In May 1990, Adaro Indonesia began approaching a number of banks to obtain financing of US$28 million. However, all the banks approached refused to provide financing, because the type of sub-bituminous coal mined by Adaro Indonesia had not yet been traded internationally in significant volumes, while the domestic market at that time was still relatively small. The bank also doubts the feasibility of constructing a coal transportation road, because 27 km of the road crosses swamps, making it quite expensive. In the end, Adaro Indonesia shareholders only borrowed US$ 20 million.

Adaro went into legal trouble in 1997 when its subsidiary, Asminco Bara Utama applied for a loan to Deutsche Bank branch in Singapore. Asminco provided several concessions, including a 40% stake in Adaro Indonesia. Additionally, Asminco pledged shares in PT Indonesia Bulk Terminal for the loan. But Asminco other parent company, Beckett Pte Ltd unable to pay its loan to Deutsche Bank which caused Deutsche Bank to demand enforcement of concession via court in Jakarta. Deutsche Bank released a 40% guarantee of Adaro Indonesia shares to PT Dianlia Setyamukti, a company owned by Edwin Soeryadjaya, for US$46 million. However Beckett objected the verdict and sued Deutsche Bank in both Jakarta and Singapore courts. Amidst the controversy surrounding the Dianlia transaction, other Indonesian businessmen, namely Benny Subianto and Garibaldi Thohir, acquired 40.8% of New Hope's Adaro Indonesia shares through PT Alam Tri Abadi.

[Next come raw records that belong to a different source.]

lemma strong_monoidal_eps: "strong_monoidal (S C) C (eps C)"
  unfolding strong_monoidal_def is_functor_def
  by (intro conjI ballI impI monoidal_S monoidal)
    (auto simp: eps_def hom_def in_S_ob_iff tenA_idm iso_idm)

end

context symmetric_monoidal_category
begin

lemma symmetric_S: "symmetric (S C) (Ssym C s)"
proof (rule symmetric_if_indiscrete[OF monoidal_S indiscrete_S])
  fix A B
  assume "A \<in> mOb (S C)" "B \<in> mOb (S C)"
  then have A: "A \<in> S_ob C" and B: "B \<in> S_ob C"
    by simp_all
  have "(lunit I \<cdot> (snd B \<otimes> snd A)) \<cdot> s (fst A) (fst B) = (lunit I \<cdot> s I I) \<cdot> (snd A \<otimes> snd B)"
    using S_obD[OF A] S_obD[OF B] sym_naturality[of "snd A" "snd B"] by (simp add: comp_assoc)
  moreover have "mTen (S C) A B \<in> S_ob C" "mTen (S C) B A \<in> S_ob C"
    using A B by (simp_all only: S_ten_in_S_ob)
  ultimately show "Ssym C s A B \<in> hom (S C) (mTen (S C) A B) (mTen (S C) B A)"
    using S_obD[OF A] S_obD[OF B] by (simp add: hom_def Ssym_def lunit_unit_comp_sym)
qed

lemma symmetric_strong_monoidal_eps: "symmetric_strong_monoidal (S C) (Ssym C s) C s (eps C)"
  unfolding symmetric_strong_monoidal_def
  using symmetric_S symmetric strong_monoidal_eps by (auto simp: eps_def Ssym_def S_obD)

end

locale functor_from_indiscrete = monoidal_category C
  for C :: "('o,'a) mcat" +
  fixes N :: "('p,'b) mcat" and F :: "('p,'b,'o,'a) smf"
  assumes indiscrete_N: "indiscrete N"
    and strong_F: "strong_monoidal N C F"
begin

sublocale N: monoidal_category N
  using strong_F by unfold_locales (simp add: strong_monoidal_def)

lemma F_Ob [simp]: "X \<in> N.Ob \<Longrightarrow> fO F X \<in> Ob"
  and F_in_Ar [simp]: "f \<in> N.Ar \<Longrightarrow> fA F f \<in> Ar"
  and src_F [simp]: "f \<in> N.Ar \<Longrightarrow> src (fA F f) = fO F (N.src f)"
  and trg_F [simp]: "f \<in> N.Ar \<Longrightarrow> trg (fA F f) = fO F (N.trg f)"
  and F_comp: "f \<in> N.Ar \<Longrightarrow> g \<in> N.Ar \<Longrightarrow> N.trg f = N.src g \<Longrightarrow> fA F (N.comp g f) = fA F g \<cdot> fA F f"
  and F_idm: "X \<in> N.Ob \<Longrightarrow> fA F (N.idm X) = idm (fO F X)"
  and unit_F_in_Ar [simp]: "fPhi0 F \<in> Ar"
  and src_unit_F [simp]: "src (fPhi0 F) = I"
  and trg_unit_F [simp]: "trg (fPhi0 F) = fO F N.I"
  and iso_unit_F: "iso C (fPhi0 F)"
  and ten_F_in_Ar [simp]: "X \<in> N.Ob \<Longrightarrow> Y \<in> N.Ob \<Longrightarrow> fPhi F X Y \<in> Ar"
  and src_ten_F [simp]: "X \<in> N.Ob \<Longrightarrow> Y \<in> N.Ob \<Longrightarrow> src (fPhi F X Y) = fO F X \<otimes>\<^sub>o fO F Y"
  and trg_ten_F [simp]: "X \<in> N.Ob \<Longrightarrow> Y \<in> N.Ob \<Longrightarrow> trg (fPhi F X Y) = fO F (N.ten X Y)"
  and ten_F_naturality: "f \<in> N.Ar \<Longrightarrow> g \<in> N.Ar \<Longrightarrow>
     fPhi F (N.trg f) (N.trg g) \<cdot> (fA F f \<otimes> fA F g) = fA F (N.tenA f g) \<cdot> fPhi F (N.src f) (N.src g)"
  and F_lunit: "X \<in> N.Ob \<Longrightarrow>
     lunit (fO F X) = fA F (N.lunit X) \<cdot> (fPhi F N.I X \<cdot> (fPhi0 F \<otimes> idm (fO F X)))"
  using strong_F unfolding strong_monoidal_def is_functor_def hom_def by auto

lemma F_preserves_iso:
  assumes "iso N f"
  shows "iso C (fA F f)"
proof -
  obtain g where g: "g \<in> N.Ar" "N.src g = N.trg f" "N.trg g = N.src f"
    and "N.comp g f = N.idm (N.src f)" "N.comp f g = N.idm (N.trg f)"
    using assms unfolding iso_def hom_def by blast
  then have "fA F g \<cdot> fA F f = idm (fO F (N.src f))" "fA F f \<cdot> fA F g = idm (fO F (N.trg f))"
    using assms by (simp_all flip: F_comp add: F_idm)
  then show ?thesis
    using assms g by (intro isoI[where g = "fA F g"]) simp_all
qed

definition to_unit :: "'p \<Rightarrow> 'b" where
  "to_unit X = (THE u. u \<in> hom N X N.I)"

lemma to_unit_in_hom: "X \<in> N.Ob \<Longrightarrow> to_unit X \<in> hom N X N.I"
  unfolding to_unit_def by (simp add: N.indiscrete_the_hom[OF indiscrete_N])

lemma to_unit_in_Ar [simp]: "X \<in> N.Ob \<Longrightarrow> to_unit X \<in> N.Ar"
  and src_to_unit [simp]: "X \<in> N.Ob \<Longrightarrow> N.src (to_unit X) = X"
  and trg_to_unit [simp]: "X \<in> N.Ob \<Longrightarrow> N.trg (to_unit X) = N.I"
  using to_unit_in_hom by (simp_all add: hom_def)

lemma to_unit_eqI: "X \<in> N.Ob \<Longrightarrow> u \<in> hom N X N.I \<Longrightarrow> to_unit X = u"
  using N.indiscrete_hom_eq[OF indiscrete_N] to_unit_in_hom by blast

lemma to_unit_unit: "to_unit N.I = N.idm N.I"
  by (rule to_unit_eqI) (simp_all add: hom_def)

lemma to_unit_comp: "f \<in> N.Ar \<Longrightarrow> N.comp (to_unit (N.trg f)) f = to_unit (N.src f)"
  by (rule to_unit_eqI[symmetric]) (simp_all add: hom_def)

lemma to_unit_ten:
  "X \<in> N.Ob \<Longrightarrow> Y \<in> N.Ob \<Longrightarrow> to_unit (N.ten X Y) = N.comp (N.lunit N.I) (N.tenA (to_unit X) (to_unit Y))"
  by (rule to_unit_eqI) (simp_all add: hom_def)

definition lift_iso :: "'p \<Rightarrow> 'a" where
  "lift_iso X = inv_arr (fPhi0 F) \<cdot> fA F (to_unit X)"

lemma lift_iso_in_Ar [simp]: "X \<in> N.Ob \<Longrightarrow> lift_iso X \<in> Ar"
  and src_lift_iso [simp]: "X \<in> N.Ob \<Longrightarrow> src (lift_iso X) = fO F X"
  and trg_lift_iso [simp]: "X \<in> N.Ob \<Longrightarrow> trg (lift_iso X) = I"
  by (simp_all add: lift_iso_def iso_unit_F)

lemma iso_lift_iso: "X \<in> N.Ob \<Longrightarrow> iso C (lift_iso X)"
  unfolding lift_iso_def
  by (intro iso_comp iso_inv_arr iso_unit_F F_preserves_iso N.indiscrete_iso[OF indiscrete_N])
    (simp_all add: iso_unit_F)

lemma lift_iso_naturality: "f \<in> N.Ar \<Longrightarrow> lift_iso (N.trg f) \<cdot> fA F f = lift_iso (N.src f)"
  unfolding lift_iso_def
  by (simp add: comp_assoc iso_unit_F flip: F_comp to_unit_comp)

lemma lift_iso_unit: "lift_iso N.I = inv_arr (fPhi0 F)"
  by (simp add: lift_iso_def to_unit_unit F_idm iso_unit_F)
(* Let $D$ be an API-domain whose conductor $[D:\overline{D}]$ is nonzero. Then $D\subseteq\overline{D}$ is a bounded root extension, and hence $\overline{D}$ is an API-domain. Consequently, if $D$ is a quasilocal API-domain, not a field, with $[D:\overline{D}]\neq0$, then $\overline{D}$ is a DVR.
   Context: $\overline{D}$ is the integral closure of $D$ in its quotient field $K$; $[D:\overline{D}]=\{x\in K: x\overline{D}\subseteq D\}$. An API-domain is an integral domain in which for every nonempty subset $\{d_\alpha\}$ of nonzero elements there is $n$ with the ideal $(\{d_\alpha^n\})$ principal. $D\subseteq\overline D$ is a bounded root extension if there is a single natural number $n$ with $x^n\in D$ for all $x\in\overline D$. Quasilocal: unique maximal ideal. DVR: local PID not a field. *)

theory Defs
  imports "HOL-Computational_Algebra.Fraction_Field" "HOL-Computational_Algebra.Polynomial"
begin

text \<open>Subrings are represented as subsets R of an ambient commutative ring
  (here: the quotient field of D, the type 'a fract).\<close>

definition gen_ideal :: "'b::comm_ring_1 set \<Rightarrow> 'b set \<Rightarrow> 'b set" where
  "gen_ideal R A = {x. \<exists>F c. finite F \<and> F \<subseteq> A \<and> (\<forall>a\<in>F. c a \<in> R) \<and>
                       x = (\<Sum>a\<in>F. c a * a)}"

definition is_ideal :: "'b::comm_ring_1 set \<Rightarrow> 'b set \<Rightarrow> bool" where
  "is_ideal R I \<longleftrightarrow> I \<subseteq> R \<and> 0 \<in> I \<and> (\<forall>a\<in>I. \<forall>b\<in>I. a + b \<in> I)
                  \<and> (\<forall>r\<in>R. \<forall>a\<in>I. r * a \<in> I)"

definition principal_in :: "'b::comm_ring_1 set \<Rightarrow> 'b set \<Rightarrow> bool" where
  "principal_in R I \<longleftrightarrow> (\<exists>g\<in>R. I = {g * r | r. r \<in> R})"

definition api_set :: "'b::comm_ring_1 set \<Rightarrow> bool" where
  "api_set R \<longleftrightarrow> (\<forall>S. S \<noteq> {} \<and> S \<subseteq> R - {0} \<longrightarrow>
      (\<exists>n::nat. n \<ge> 1 \<and> principal_in R (gen_ideal R ((\<lambda>d. d ^ n) ` S))))"

definition integral_closure :: "'b::field set \<Rightarrow> 'b set" where
  "integral_closure R = {x. \<exists>p. lead_coeff p = 1 \<and> (\<forall>i. coeff p i \<in> R) \<and> poly p x = 0}"

definition conductor :: "'b::field set \<Rightarrow> 'b set \<Rightarrow> 'b set" where
  "conductor R S = {x. \<forall>y\<in>S. x * y \<in> R}"

definition bounded_root_ext :: "'b::comm_ring_1 set \<Rightarrow> 'b set \<Rightarrow> bool" where
  "bounded_root_ext R S \<longleftrightarrow> (\<exists>n::nat. n \<ge> 1 \<and> (\<forall>x\<in>S. x ^ n \<in> R))"

definition maximal_ideal :: "'b::comm_ring_1 set \<Rightarrow> 'b set \<Rightarrow> bool" where
  "maximal_ideal R M \<longleftrightarrow> is_ideal R M \<and> M \<noteq> R \<and>
     (\<forall>I. is_ideal R I \<and> M \<subseteq> I \<longrightarrow> I = M \<or> I = R)"

definition quasilocal :: "'b::comm_ring_1 set \<Rightarrow> bool" where
  "quasilocal R \<longleftrightarrow> (\<exists>!M. maximal_ideal R M)"

definition is_field_set :: "'b::comm_ring_1 set \<Rightarrow> bool" where
  "is_field_set R \<longleftrightarrow> (\<forall>x\<in>R. x \<noteq> 0 \<longrightarrow> (\<exists>y\<in>R. x * y = 1))"

text \<open>DVR: local principal ideal domain which is not a field
  (subrings of a field are automatically domains).\<close>
definition DVR :: "'b::comm_ring_1 set \<Rightarrow> bool" where
  "DVR R \<longleftrightarrow> quasilocal R \<and> (\<forall>I. is_ideal R I \<longrightarrow> principal_in R I) \<and> \<not> is_field_set R"

definition dom_in_fract :: "'a::idom fract set" where
  "dom_in_fract = range (\<lambda>a. Fraction_Field.Fract a 1)"

end

theory Submission
  imports Defs
begin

The company was formally unveiled in 2004 and acquired Adaro Indonesia via leveraged buyout with total amount of US$923 million with US$50 million equity. In 2008, Adaro Energy raised $1.3 billion in the country's largest ever initial public offering. In 2010, Adaro expanded outside South Kalimantan by acquiring IndoMet Coal, a joint venture company with BHP Billiton located in Central and East Kalimantan. In 2024, the company officially changed its name to AlamTri Resources.